七話 義妹をギルドに入れました
七話 義妹をギルドに入れました
「今日は姉御の家に泊まるよ」
「晩御飯があると嬉しいな」
採寸を終えたスミス姉妹は二人に向けて催促する。
「じゃあ私も」
酒を飲んでいるので無下にするわけにもいかず、認めてしまう。そうしたらスミス姉妹を断ることも出来ずに三人まとめて面倒見ることになった。

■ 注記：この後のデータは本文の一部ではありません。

subsection \<open>Lower bounds for hitting sets\<close>

lemma cnt_le_card_hitting_set:
  assumes "\<forall>L\<in>S. is_line L" "hitting_set H S"
  shows "cnt S D \<le> card H"
proof -
  define h where "h L = (SOME p. p \<in> H \<inter> L)" for L :: "point set"
  have h: "h L \<in> H \<inter> L" if "L \<in> S" for L
    unfolding h_def using assms(2) that by (metis hitting_set_def some_in_eq)
  \<comment> \<open>parallel lines are disjoint, so h is injective on a slope class\<close>
  have "inj_on h {L \<in> S. dir L = D}"
    using h assms(1) parallel_lines_eq by (intro inj_onI) (metis (mono_tags, lifting) IntE mem_Collect_eq)
  moreover have "h ` {L \<in> S. dir L = D} \<subseteq> H" using h by auto
  ultimately show ?thesis
    unfolding cnt_def using assms(2) card_inj_on_le hitting_set_def by blast
qed

lemma card_le_card_hitting_set:
  assumes "finite S" "hitting_set H S" "\<forall>p. card {L \<in> S. p \<in> L} \<le> k"
  shows "card S \<le> k * card H"
proof -
  have fH: "finite H" using assms(2) unfolding hitting_set_def by blast
  have "S \<subseteq> (\<Union>p\<in>H. {L \<in> S. p \<in> L})" using assms(2) unfolding hitting_set_def by auto
  then have "card S \<le> card (\<Union>p\<in>H. {L \<in> S. p \<in> L})"
    using fH assms(1) by (intro card_mono) auto
  also have "\<dots> \<le> (\<Sum>p\<in>H. card {L \<in> S. p \<in> L})" using fH by (rule card_UN_le)
  also have "\<dots> \<le> (\<Sum>p\<in>H. k)" using assms(3) by (intro sum_mono) auto
  finally show ?thesis by (simp add: mult.commute)
qed

subsection \<open>The optimum as a symmetric function of the class sizes\<close>

definition hit_bound :: "nat \<Rightarrow> nat \<Rightarrow> nat \<Rightarrow> nat" where
  "hit_bound a b c = max (max a (max b c)) ((a + b + c + 1) div 2)"

lemma OPT2_eq_hit_bound: "z \<le> y \<Longrightarrow> y \<le> x \<Longrightarrow> OPT2 x y z = hit_bound x y z"
proof -
  assume "z \<le> y" "y \<le> x"
  have half: "nat \<lceil>real n / 2\<rceil> = (n + 1) div 2" for n :: nat
  proof (cases "even n")
    case True
    then show ?thesis by auto
  next
    case False
    then obtain k where k: "n = 2 * k + 1" using oddE by blast
    then have "\<lceil>real n / 2\<rceil> = int k + 1" by (simp add: ceiling_eq_iff)
    then show ?thesis using k by simp
  qed
  show ?thesis unfolding OPT2_def hit_bound_def half using \<open>z \<le> y\<close> \<open>y \<le> x\<close> by auto
qed

lemma hit_bound_swap12: "hit_bound a b c = hit_bound b a c"
  and hit_bound_swap23: "hit_bound a b c = hit_bound a c b"
  unfolding hit_bound_def by (simp_all add: ac_simps max.left_commute)

lemma hit_bound_perm:
  assumes "Da \<in> {D1, D2, D3}" "Db \<in> {D1, D2, D3}" "Dc \<in> {D1, D2, D3}" "distinct [Da, Db, Dc]"
  shows "hit_bound (f D1) (f D2) (f D3) = hit_bound (f Da) (f Db) (f Dc)"
  using assms hit_bound_swap12 hit_bound_swap23 by auto

lemma hit_bound_diff_two_largest:
  "1 \<le> a \<Longrightarrow> 1 \<le> b \<Longrightarrow> c \<le> a \<Longrightarrow> c \<le> b \<Longrightarrow> hit_bound (a - 1) (b - 1) c + 1 = hit_bound a b c"
  unfolding hit_bound_def max_def by simp linarith

lemma hit_bound_single_class:
  "a = 0 \<or> b = 0 \<Longrightarrow> a = 0 \<or> c = 0 \<Longrightarrow> b = 0 \<or> c = 0 \<Longrightarrow> hit_bound a b c = a + b + c"
  unfolding hit_bound_def by auto

lemma two_largest_classes:
  fixes f :: "'a \<Rightarrow> nat"
  assumes "distinct [D1, D2, D3]"
  obtains Da Db Dc where "{Da, Db, Dc} = {D1, D2, D3}" "distinct [Da, Db, Dc]"
    "f Dc \<le> f Da" "f Dc \<le> f Db"
proof (cases "f D3 \<le> f D1 \<and> f D3 \<le> f D2")
  case True
  then show ?thesis using that[of D1 D2 D3] assms by auto
next
  case False
  show ?thesis
  proof (cases "f D2 \<le> f D1 \<and> f D2 \<le> f D3")
    case True
    then show ?thesis using that[of D1 D3 D2] assms by (auto simp: insert_commute)
  next
    case False
    then show ?thesis
      using \<open>\<not> (f D3 \<le> f D1 \<and> f D3 \<le> f D2)\<close> that[of D2 D3 D1] assms by (auto simp: insert_commute)
  qed
qed

lemma two_largest_nonzero:
  fixes f :: "'a \<Rightarrow> nat"
  assumes "distinct [Da, Db, Dc]" "f Dc \<le> f Da" "f Dc \<le> f Db"
    and "E1 \<in> {Da, Db, Dc}" "E2 \<in> {Da, Db, Dc}" "E1 \<noteq> E2" "f E1 \<noteq> 0" "f E2 \<noteq> 0"
  shows "f Da \<noteq> 0" "f Db \<noteq> 0"
  using assms by auto

locale three_slope_lines =
  fixes S :: "point set set" and D1 D2 D3 :: "point set"
  assumes finite_lines: "finite S"
    and lines: "\<forall>L\<in>S. is_line L"
    and distinct_slopes: "distinct [D1, D2, D3]"
    and slopes: "\<forall>L\<in>S. dir L \<in> {D1, D2, D3}"
    and no_triple_point: "\<forall>p. card {L \<in> S. p \<in> L} \<le> 2"
begin

definition opt_bound :: "point set set \<Rightarrow> nat" where
  "opt_bound U = hit_bound (cnt U D1) (cnt U D2) (cnt U D3)"

lemma crossing_lines_not_parallel:
  "L1 \<in> S \<Longrightarrow> L2 \<in> S \<Longrightarrow> L1 \<noteq> L2 \<Longrightarrow> p \<in> L1 \<Longrightarrow> p \<in> L2 \<Longrightarrow> dir L1 \<noteq> dir L2"
  using parallel_lines_eq[of L1 L2 p] lines by blast

lemma not_on_third_line:
  assumes "L1 \<in> S" "L2 \<in> S" "L \<in> S" "L1 \<noteq> L2" "L \<noteq> L1" "L \<noteq> L2" "p \<in> L1" "p \<in> L2"
  shows "p \<notin> L"
proof
  assume "p \<in> L"
  then have "{L1, L2, L} \<subseteq> {L \<in> S. p \<in> L}" using assms by auto
  then have "card {L1, L2, L} \<le> card {L \<in> S. p \<in> L}"
    using finite_lines by (intro card_mono) auto
  also have "\<dots> \<le> 2" using no_triple_point by blast
  finally show False using assms(4-6) by auto
qed

lemma opt_bound_le_card_hitting_set:
  assumes "hitting_set H S"
  shows "opt_bound S \<le> card H"
proof -
  have "card S \<le> 2 * card H"
    using card_le_card_hitting_set[OF finite_lines assms] no_triple_point by blast
  then have "(cnt S D1 + cnt S D2 + cnt S D3 + 1) div 2 \<le> card H"
    using card_eq_cnt_sum[OF finite_lines slopes distinct_slopes] by linarith
  then show ?thesis
    unfolding opt_bound_def hit_bound_def
    using cnt_le_card_hitting_set[OF lines assms] by simp
qed

lemma opt_bound_Diff_crossing_pair:
  assumes "U \<subseteq> S" "L1 \<in> U" "L2 \<in> U" "dir L1 \<noteq> dir L2"
    and largest: "\<forall>D\<in>{D1, D2, D3}. D \<noteq> dir L1 \<longrightarrow> D \<noteq> dir L2 \<longrightarrow>
                    cnt U D \<le> cnt U (dir L1) \<and> cnt U D \<le> cnt U (dir L2)"
  shows "opt_bound (U - {L1, L2}) + 1 = opt_bound U"
proof -
  have fU: "finite U" using assms(1) finite_lines finite_subset by blast
  have in3: "dir L1 \<in> {D1, D2, D3}" "dir L2 \<in> {D1, D2, D3}" using slopes assms(1-3) by auto
  then obtain Dc where Dc: "Dc \<in> {D1, D2, D3}" "distinct [dir L1, dir L2, Dc]"
    using distinct_slopes assms(4) by auto
  have pos: "1 \<le> cnt U (dir L1)" "1 \<le> cnt U (dir L2)"
    using cnt_eq_0_iff[OF fU] assms(2,3) by (metis less_one not_le)+
  have "U - {L1, L2} = U - {L1} - {L2}" "L2 \<in> U - {L1}" using assms(2-4) by auto
  then have removed: "cnt (U - {L1, L2}) D =
      cnt U D - (if dir L1 = D then 1 else 0) - (if dir L2 = D then 1 else 0)" for D
    using cnt_Diff_singleton fU assms(2) by (metis finite_Diff)
  have "opt_bound (U - {L1, L2}) =
      hit_bound (cnt (U - {L1, L2}) (dir L1)) (cnt (U - {L1, L2}) (dir L2)) (cnt (U - {L1, L2}) Dc)"
    unfolding opt_bound_def by (rule hit_bound_perm[OF in3 Dc])
  also have "\<dots> = hit_bound (cnt U (dir L1) - 1) (cnt U (dir L2) - 1) (cnt U Dc)"
    using Dc(2) by (auto simp: removed)
  moreover have "opt_bound U = hit_bound (cnt U (dir L1)) (cnt U (dir L2)) (cnt U Dc)"
    unfolding opt_bound_def by (rule hit_bound_perm[OF in3 Dc])
  moreover have "cnt U Dc \<le> cnt U (dir L1)" "cnt U Dc \<le> cnt U (dir L2)"
    using largest Dc by auto
  then have "hit_bound (cnt U (dir L1) - 1) (cnt U (dir L2) - 1) (cnt U Dc) + 1 =
      hit_bound (cnt U (dir L1)) (cnt U (dir L2)) (cnt U Dc)"
    using pos by (rule_tac hit_bound_diff_two_largest) auto
  ultimately show ?thesis by presburger
qed

lemma opt_bound_no_crossing:
  assumes "U \<subseteq> S" "\<not> (\<exists>p L1 L2. L1 \<in> U \<and> L2 \<in> U \<and> L1 \<noteq> L2 \<and> p \<in> L1 \<and> p \<in> L2)"
  shows "opt_bound U = card U"
proof -
  have fU: "finite U" using assms(1) finite_lines finite_subset by blast
  have one_empty: "cnt U D = 0 \<or> cnt U D' = 0" if "D \<noteq> D'" for D D'
  proof (rule ccontr)
    assume "\<not> ?thesis"
    then obtain L L' where L: "L \<in> U" "dir L = D" and L': "L' \<in> U" "dir L' = D'"
      unfolding cnt_eq_0_iff[OF fU] by blast
    then have "is_line L" "is_line L'" "dir L \<noteq> dir L'" using assms(1) lines that by auto
    then obtain p where "p \<in> L" "p \<in> L'" by (rule nonparallel_lines_meet)
    then show False using assms(2) L L' \<open>dir L \<noteq> dir L'\<close> by blast
  qed
  have "card U = cnt U D1 + cnt U D2 + cnt U D3"
    using card_eq_cnt_sum[OF fU _ distinct_slopes] assms(1) slopes by blast
  moreover have "opt_bound U = cnt U D1 + cnt U D2 + cnt U D3"
    unfolding opt_bound_def using distinct_slopes by (intro hit_bound_single_class one_empty) simp_all
  ultimately show ?thesis by simp
qed

lemma greedy_run_correct:
  assumes "greedy_run S U H Out" "U \<subseteq> S" "finite H"
    and "\<forall>L\<in>S - U. H \<inter> L \<noteq> {}" "\<forall>L\<in>U. H \<inter> L = {}"
  shows "hitting_set Out S \<and> card Out = card H + opt_bound U"
  using assms
proof (induction rule: greedy_run.induct)
  case (finish U f H)
  have fU: "finite U" using finish.prems(1) finite_lines finite_subset by blast
  have "inj_on f U"
    using finish.hyps by (intro inj_onI) (metis IntI empty_iff)
  moreover have "H \<inter> f ` U = {}" using finish.hyps(2) finish.prems(4) by blast
  ultimately have "card (H \<union> f ` U) = card H + card U"
    using fU finish.prems(2) by (simp add: card_Un_disjoint card_image)
  moreover have "hitting_set (H \<union> f ` U) S"
    unfolding hitting_set_def using finish.prems(2,3) finish.hyps(2) fU by blast
  ultimately show ?case using opt_bound_no_crossing[OF finish.prems(1) finish.hyps(1)] by simp
next
  case (step L1 U L2 p H Out)
  have fU: "finite U" using step.prems(1) finite_lines finite_subset by blast
  have "L1 \<in> S" "L2 \<in> S" using step.hyps(1,2) step.prems(1) by auto
  have off_rest: "p \<notin> L" if "L \<in> U - {L1, L2}" for L
    using that step.prems(1) step.hyps(3-5)
    by (intro not_on_third_line[OF \<open>L1 \<in> S\<close> \<open>L2 \<in> S\<close>]) auto
  have "hitting_set Out S \<and> card Out = card (insert p H) + opt_bound (U - {L1, L2})"
    using step.prems step.hyps(4,5) off_rest by (intro step.IH) auto
  moreover have "p \<notin> H" using step.prems(4) step.hyps(1,4) by blast
  moreover have "opt_bound (U - {L1, L2}) + 1 = opt_bound U"
  proof (rule opt_bound_Diff_crossing_pair)
    show "dir L1 \<noteq> dir L2"
      by (rule crossing_lines_not_parallel[OF \<open>L1 \<in> S\<close> \<open>L2 \<in> S\<close> step.hyps(3-5)])
    show "\<forall>D\<in>{D1, D2, D3}. D \<noteq> dir L1 \<longrightarrow> D \<noteq> dir L2 \<longrightarrow>
        cnt U D \<le> cnt U (dir L1) \<and> cnt U D \<le> cnt U (dir L2)"
    proof (intro ballI impI)
      fix D assume "D \<noteq> dir L1" "D \<noteq> dir L2"
      show "cnt U D \<le> cnt U (dir L1) \<and> cnt U D \<le> cnt U (dir L2)"
      proof (cases "D \<in> dir ` S")
        case True
        then show ?thesis using step.hyps(6) \<open>D \<noteq> dir L1\<close> \<open>D \<noteq> dir L2\<close> by blast
      next
        case False
        then have "cnt U D = 0" using step.prems(1) cnt_eq_0_iff[OF fU] by blast
        then show ?thesis by simp
      qed
    qed
  qed (use step.hyps(1,2) step.prems(1) in auto)
  ultimately show ?case using step.prems(2) by simp
qed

要はエスパーダに客のもてなしを頼み、台所に行った。料理を作りに行ったのだ。
急なお客なので何も用意がない。とりあえず腹を膨らしておけば良いだろうと考えてうどんを茹でることにした。味付けはタレを人間と小人別々にすれば調理も一回で終わるし、一緒に食べられる。
まずはお湯を沸かすところからだ。
「能ちゃんは異界大戦やってる?」
エスパーダの声が聞こえる。酔いも手伝って偉そうである。
「あ、やつてますよ。今回はホーリエ・ヴィスコンティーが当たりですよね」
「そうなのよ。それなのに当たらないの。要は持っているのよ」
「お兄ちゃんもやってるの?」
「そうよ。要もライトハンドもレフトハンドも同じギルドメンバーなんだから」
「私も入ろうかな。なんで名前のギルド?」
「エスパーダと愉快な下僕達」
「うん。ちょっと考えさせてくれるかな」
能は加入をためらった。要は思わず笑ってしまう。
「入ろうよ。能さん」
「名前はダサいけど、規律はユルいし」
「ダサいとかゆーな!」
エスパーダが抗議すると笑いが起こった。要は話に加わろうとしたが、そろそうどんを入れるタイミングだ。しぶしぶ台所で鍋に乾麺のうどんを投入する。
「お義姉様の言うことは聞かないとだよね」
「能ちゃん……」
うどんが吹きこぼれないように見ていると要のスマホから通知音がする。ギルドに能が加入した。これでメンバーも二桁になった。
「能ちゃんのプレイヤーネームって……」
「コーセーノー。私の名前を音読みにした名前だよ」
「ようこそ。コーセーノー」
「エスパーダと愉快な下僕達へ」
「さあ、ガチャを回そう。ホーリエ・ヴィスコンティーを我が手に」
要のスマホに通知が来た。
「よっしゃー」
「やりい」
ライトハンドとレフトハンドがホーリエ・ヴィスコンティーをゲットした通知だった。